Hoy por la mañana amanecí muerto, no literalmente pero poco faltó. Al menos fue lo que pensé al tratar de encender el teléfono. Por más que apretaba el botón no era capaz de hacer que aquello diera señales de vida. Todo cuanto soy metido dentro de 12,38 x 5,86 cm.
Decenas de direcciones de correo electrónico y cientos de números de teléfono en su interior. Un drama. Qué coño un drama, un putadón en toda regla. Años de relaciones y de trabajo para conseguir una agenda envidiada y codiciada por muchos.
El inicio de un calvario. Si no me acuerdo ni de mi número, el cual también tenía memorizado en el teléfono, cómo voy a ser capaz de recordar el de los demás. Media docena de profundas inhalaciones, una tortilla de prozac para desayunar y una ducha bien fría para aplacar los caldeados ánimos.

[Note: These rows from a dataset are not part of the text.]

(* For every $n\in\mathbb{N}$, $n\ge1$, and all $\Delta,\Delta'\in\mathcal{P}_n$ with $\Delta\not\equiv\Delta'$: $d_\Delta(i)=d_{\Delta'}(i)$ for every $i\in\mathbb{Z}_n$ if and only if $f^{(\Delta)}_{128,n}=f^{(\Delta')}_{128,n}$.
   Context: Cells are indexed by $\mathbb{Z}_n=\{0,\dots,n-1\}$, indices modulo $n$. Rule $128$ has local rule $r_{128}(x_1,x_2,x_3)=x_1\wedge x_2\wedge x_3$ and global function $f_{128,n}(x)_i=r_{128}(x_{i-1},x_i,x_{i+1})$. An update schedule is an ordered partition $\Delta=(\Delta_1,\dots,\Delta_k)$ of $\mathbb{Z}_n$ into nonempty blocks; $\mathcal{P}_n$ is the set of them. For a block $B$ let $f^{(B)}(x)_i=f_{128,n}(x)_i$ if $i\in B$ and $x_i$ otherwise; $f^{(\Delta)}_{128,n}=f^{(\Delta_k)}\circ\cdots\circ f^{(\Delta_1)}$. (The paper phrases equality of dynamics as equality of transition digraphs with arcs $(x,f^{(\Delta)}_{128,n}(x))$, equivalent to equality of maps.) For $u,v\in\mathbb{Z}_n$ with $u\in\Delta_a$, $v\in\Delta_b$, $lab_\Delta((u,v))=\oplus$ if $b\le a$ and $\ominus$ if $a<b$. Define $d^{\leftarrow}_\Delta(i)=\max\{k\in\mathbb{N}:\forall j,\,0<j<k\Rightarrow lab_\Delta((i-j,i-j+1))=\ominus\}$, $d^{\rightarrow}_\Delta(i)=\max\{k\in\mathbb{N}:\forall j,\,0<j<k\Rightarrow lab_\Delta((i+j,i+j-1))=\ominus\}$, and $d_\Delta(i)=\{i-k\bmod n:0\le k\le d^{\leftarrow}_\Delta(i)\}\cup\{i+k\bmod n:0\le k\le d^{\rightarrow}_\Delta(i)\}$. $\Delta\equiv\Delta'$ iff $lab_\Delta$ and $lab_{\Delta'}$ agree on every arc $(i,i+1)$ and $(i+1,i)$, $i\in\mathbb{Z}_n$. *)

theory Defs
  imports Main
begin

text \<open>Cells are integers 0..n-1 (indices taken modulo n); configurations are maps int => bool
  (only the values on cells 0..n-1 matter).\<close>

definition r128 :: "bool \<Rightarrow> bool \<Rightarrow> bool \<Rightarrow> bool" where
  "r128 x1 x2 x3 = (x1 \<and> x2 \<and> x3)"

definition f128 :: "int \<Rightarrow> (int \<Rightarrow> bool) \<Rightarrow> int \<Rightarrow> bool" where
  "f128 n x i = r128 (x ((i - 1) mod n)) (x (i mod n)) (x ((i + 1) mod n))"

definition is_schedule :: "int \<Rightarrow> int set list \<Rightarrow> bool" where
  "is_schedule n D \<longleftrightarrow>
     (\<forall>B\<in>set D. B \<noteq> {}) \<and>
     (\<forall>a b. a < length D \<and> b < length D \<and> a \<noteq> b \<longrightarrow> D ! a \<inter> D ! b = {}) \<and>
     \<Union>(set D) = {0..<n}"

definition block_update :: "int \<Rightarrow> int set \<Rightarrow> (int \<Rightarrow> bool) \<Rightarrow> int \<Rightarrow> bool" where
  "block_update n B x i = (if i \<in> B then f128 n x i else x i)"

definition sched_map :: "int \<Rightarrow> int set list \<Rightarrow> (int \<Rightarrow> bool) \<Rightarrow> int \<Rightarrow> bool" where
  "sched_map n D = fold (\<lambda>B F. block_update n B \<circ> F) D id"

definition blk :: "int set list \<Rightarrow> int \<Rightarrow> nat" where
  "blk D u = (THE a. a < length D \<and> u \<in> D ! a)"

datatype label = Oplus | Ominus

definition lab :: "int set list \<Rightarrow> int \<Rightarrow> int \<Rightarrow> label" where
  "lab D u v = (if blk D v \<le> blk D u then Oplus else Ominus)"

definition dleft :: "int \<Rightarrow> int set list \<Rightarrow> int \<Rightarrow> nat" where
  "dleft n D i = (GREATEST k::nat. \<forall>j::nat. 0 < j \<and> j < k \<longrightarrow>
       lab D ((i - int j) mod n) ((i - int j + 1) mod n) = Ominus)"

definition dright :: "int \<Rightarrow> int set list \<Rightarrow> int \<Rightarrow> nat" where
  "dright n D i = (GREATEST k::nat. \<forall>j::nat. 0 < j \<and> j < k \<longrightarrow>
       lab D ((i + int j) mod n) ((i + int j - 1) mod n) = Ominus)"

definition dset :: "int \<Rightarrow> int set list \<Rightarrow> int \<Rightarrow> int set" where
  "dset n D i = {(i - int k) mod n | k. k \<le> dleft n D i} \<union> {(i + int k) mod n | k. k \<le> dright n D i}"

definition sched_equiv :: "int \<Rightarrow> int set list \<Rightarrow> int set list \<Rightarrow> bool" where
  "sched_equiv n D D' \<longleftrightarrow>
     (\<forall>i\<in>{0..<n}. lab D i ((i + 1) mod n) = lab D' i ((i + 1) mod n) \<and>
                  lab D ((i + 1) mod n) i = lab D' ((i + 1) mod n) i)"

end

theory Submission
  imports Defs
begin

text \<open>Rule 128 is the conjunction of the three cells of a neighbourhood, so after a
  block-sequential update every cell holds the conjunction of the initial configuration over
  some set of cells. When cell \<open>i\<close> is updated, its neighbour \<open>i + s\<close> (\<open>s = \<plusminus>1\<close>) contributes
  its already updated value exactly when its block comes earlier, i.e. when the arc between them
  is labelled \<open>\<ominus>\<close>. Unfolding this by induction on the block index of \<open>i\<close>, the final value
  of \<open>i\<close> is the conjunction over \<open>d\<^sub>\<Delta>(i)\<close>, the cells reached from \<open>i\<close> along maximal
  \<open>\<ominus>\<close>-runs on both sides. Hence equal sets \<open>d\<^sub>\<Delta>(i)\<close> give equal maps, and conversely
  the configuration that is false only at \<open>j\<close> detects whether \<open>j \<in> d\<^sub>\<Delta>(i)\<close>.\<close>

definition ray :: "int \<Rightarrow> int \<Rightarrow> int \<Rightarrow> nat \<Rightarrow> int set" where
  "ray n s i m = (\<lambda>k. (i + s * int k) mod n) ` {..m}"

lemma ray_0 [simp]: "ray n s i 0 = {i mod n}"
  by (simp add: ray_def)

lemma mod_add_mod_mult_Suc: "((i + s) mod n + s * int k) mod n = (i + s * int (Suc k)) mod n"
  for i s n :: int
  using mod_add_left_eq [of "i + s" n "s * int k"] by (simp add: algebra_simps)

lemma ray_Suc: "ray n s i (Suc m) = insert (i mod n) (ray n s ((i + s) mod n) m)"
  by (simp add: ray_def atMost_Suc_eq_insert_0 image_image mod_add_mod_mult_Suc)

lemma mem_ray_self: "i mod n \<in> ray n s i m"
  by (auto simp: ray_def intro: image_eqI[of _ _ 0])

lemma ball_less_Suc_split:
  "(\<forall>j. 0 < j \<and> j < Suc k \<longrightarrow> P j) \<longleftrightarrow> (0 < k \<longrightarrow> P 1) \<and> (\<forall>j. 0 < j \<and> j < k \<longrightarrow> P (Suc j))"
  by (auto simp: less_Suc_eq_0_disj) (metis gr0I)

definition decreasing_run :: "int \<Rightarrow> int set list \<Rightarrow> int \<Rightarrow> int \<Rightarrow> nat \<Rightarrow> bool" where
  "decreasing_run n D s i k \<longleftrightarrow>
     (\<forall>j. 0 < j \<and> j < k \<longrightarrow> blk D ((i + s * int j) mod n) < blk D ((i + s * int j - s) mod n))"

definition run_length :: "int \<Rightarrow> int set list \<Rightarrow> int \<Rightarrow> int \<Rightarrow> nat" where
  "run_length n D s i = (GREATEST k. decreasing_run n D s i k)"

lemma decreasing_run_0 [simp]: "decreasing_run n D s i 0"
  by (simp add: decreasing_run_def)

lemma decreasing_run_Suc:
  "decreasing_run n D s i (Suc k) \<longleftrightarrow>
     (0 < k \<longrightarrow> blk D ((i + s) mod n) < blk D (i mod n)) \<and> decreasing_run n D s ((i + s) mod n) k"
proof -
  have "((i + s) mod n + s * int j - s) mod n = (i + s * int (Suc j) - s) mod n" for j
    using mod_add_left_eq [of "i + s" n "s * int j - s"] by (simp add: algebra_simps)
  then show ?thesis
    unfolding decreasing_run_def ball_less_Suc_split by (simp add: mod_add_mod_mult_Suc)
qed

lemma decreasing_run_le: "decreasing_run n D s i k \<Longrightarrow> k \<le> Suc (blk D (i mod n))"
proof (induction k arbitrary: i)
  case (Suc k)
  then show ?case
    using decreasing_run_Suc [of n D s i k] by fastforce
qed simp

lemma decreasing_run_run_length: "decreasing_run n D s i (run_length n D s i)"
  unfolding run_length_def
  by (rule GreatestI_nat [of _ 0 "Suc (blk D (i mod n))"]) (auto dest: decreasing_run_le)

lemma le_run_length: "decreasing_run n D s i k \<Longrightarrow> k \<le> run_length n D s i"
  unfolding run_length_def by (rule Greatest_le_nat) (auto dest: decreasing_run_le)

lemma run_length_step:
  "run_length n D s i =
     (if blk D ((i + s) mod n) < blk D (i mod n) then Suc (run_length n D s ((i + s) mod n)) else 1)"
proof (cases "blk D ((i + s) mod n) < blk D (i mod n)")
  case True
  then have run_Suc: "decreasing_run n D s i (Suc k) \<longleftrightarrow> decreasing_run n D s ((i + s) mod n) k" for k
    by (simp add: decreasing_run_Suc)
  have "run_length n D s i = Suc (run_length n D s ((i + s) mod n))"
  proof (rule antisym)
    show "run_length n D s i \<le> Suc (run_length n D s ((i + s) mod n))"
      using decreasing_run_run_length [of n D s i] run_Suc le_run_length
      by (cases "run_length n D s i") auto
    show "Suc (run_length n D s ((i + s) mod n)) \<le> run_length n D s i"
      by (rule le_run_length) (simp add: run_Suc decreasing_run_run_length)
  qed
  with True show ?thesis by simp
next
  case False
  then have "\<not> decreasing_run n D s i (Suc (Suc k))" for k
    by (simp add: decreasing_run_Suc)
  then have "run_length n D s i \<noteq> Suc (Suc k)" for k
    using decreasing_run_run_length [of n D s i] by metis
  from this [of "run_length n D s i - 2"] have "run_length n D s i \<le> 1"
    by simp
  moreover have "1 \<le> run_length n D s i"
    by (rule le_run_length) (simp add: decreasing_run_Suc)
  ultimately show ?thesis using False by simp
qed

lemma lab_eq_Ominus_iff: "lab D u v = Ominus \<longleftrightarrow> blk D u < blk D v"
  by (simp add: lab_def)

lemma dleft_eq_run_length: "dleft n D i = run_length n D (-1) i"
  by (simp add: dleft_def run_length_def decreasing_run_def lab_eq_Ominus_iff)

lemma dright_eq_run_length: "dright n D i = run_length n D 1 i"
  by (simp add: dright_def run_length_def decreasing_run_def lab_eq_Ominus_iff)

lemma dset_eq_rays: "dset n D i = ray n (-1) i (run_length n D (-1) i) \<union> ray n 1 i (run_length n D 1 i)"
  by (auto simp: dset_def ray_def dleft_eq_run_length dright_eq_run_length)

lemma ray_run_length_step:
  assumes "s \<in> {-1, 1}"
  shows "ray n s i (run_length n D s i) =
    (if blk D ((i + s) mod n) < blk D (i mod n)
     then insert (i mod n) (dset n D ((i + s) mod n))
     else {i mod n, (i + s) mod n})"
proof -
  define p where "p = (i + s) mod n"
  have step_back: "(p - s) mod n = i mod n"
    unfolding p_def using mod_diff_left_eq [of "i + s" n s] by simp
  have p_mod: "p mod n = p"
    by (simp add: p_def)
  have ray_1: "ray n s' j 1 = {j mod n, (j + s') mod n}" for s' j
    by (simp add: ray_Suc)
  show ?thesis
  proof (cases "blk D p < blk D (i mod n)")
    case True
    have "run_length n D (- s) p = 1"
      using True run_length_step [of n D "- s" p] by (simp add: step_back p_mod)
    then have "dset n D p = {p, i mod n} \<union> ray n s p (run_length n D s p)"
      using assms dset_eq_rays [of n D p] ray_1 [of "- s" p] by (auto simp: step_back p_mod)
    moreover have "ray n s i (run_length n D s i) = insert (i mod n) (ray n s p (run_length n D s p))"
      using True run_length_step [of n D s i] by (simp add: ray_Suc p_def)
    moreover have "p \<in> ray n s p (run_length n D s p)"
      using mem_ray_self [of p n] by (simp add: p_mod)
    ultimately show ?thesis
      using True by (auto simp: p_def)
  next
    case False
    then show ?thesis
      using run_length_step [of n D s i] ray_1 by (simp add: p_def)
  qed
qed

Ni una maldita copia de seguridad, con lo previsor que eres para otras cosas. Ni tan siquiera una mísera agenda como las de antes, aunque únicamente se utilizaran en casos de emergencia, puesto que sabíamos de memoria hasta el número de teléfono del vecino de enfrente al que nunca llamábamos.
El repudiado servicio técnico espera, y lo mejor será ir caminando provisto de una libreta. Así, si me cruzo con algún amigo o conocido le puedo pedir su número y, de paso, el mío.
“¡Uy, qué mala pinta tiene esto, señor!”. No sé qué me dolió más, si lo de señor o la mala pinta. Aunque probablemente presentara yo peor aspecto que el teléfono. Soltó de carrerilla la retahíla por todos conocida, rechacé un terminal de la época del pleistoceno y me sugirió encomendarme al Altísimo.
Regresé arrastrando los pies, como alma en pena que maldice su desdicha. Ausente, distraído y vencido. Renegando de mi falta de cautela. Pasadas unas horas, cuando entendí que no sonaría el “ding” del WhatsApp o del email, ni el ring del teléfono, me sentí incomunicado pero un poco más libre.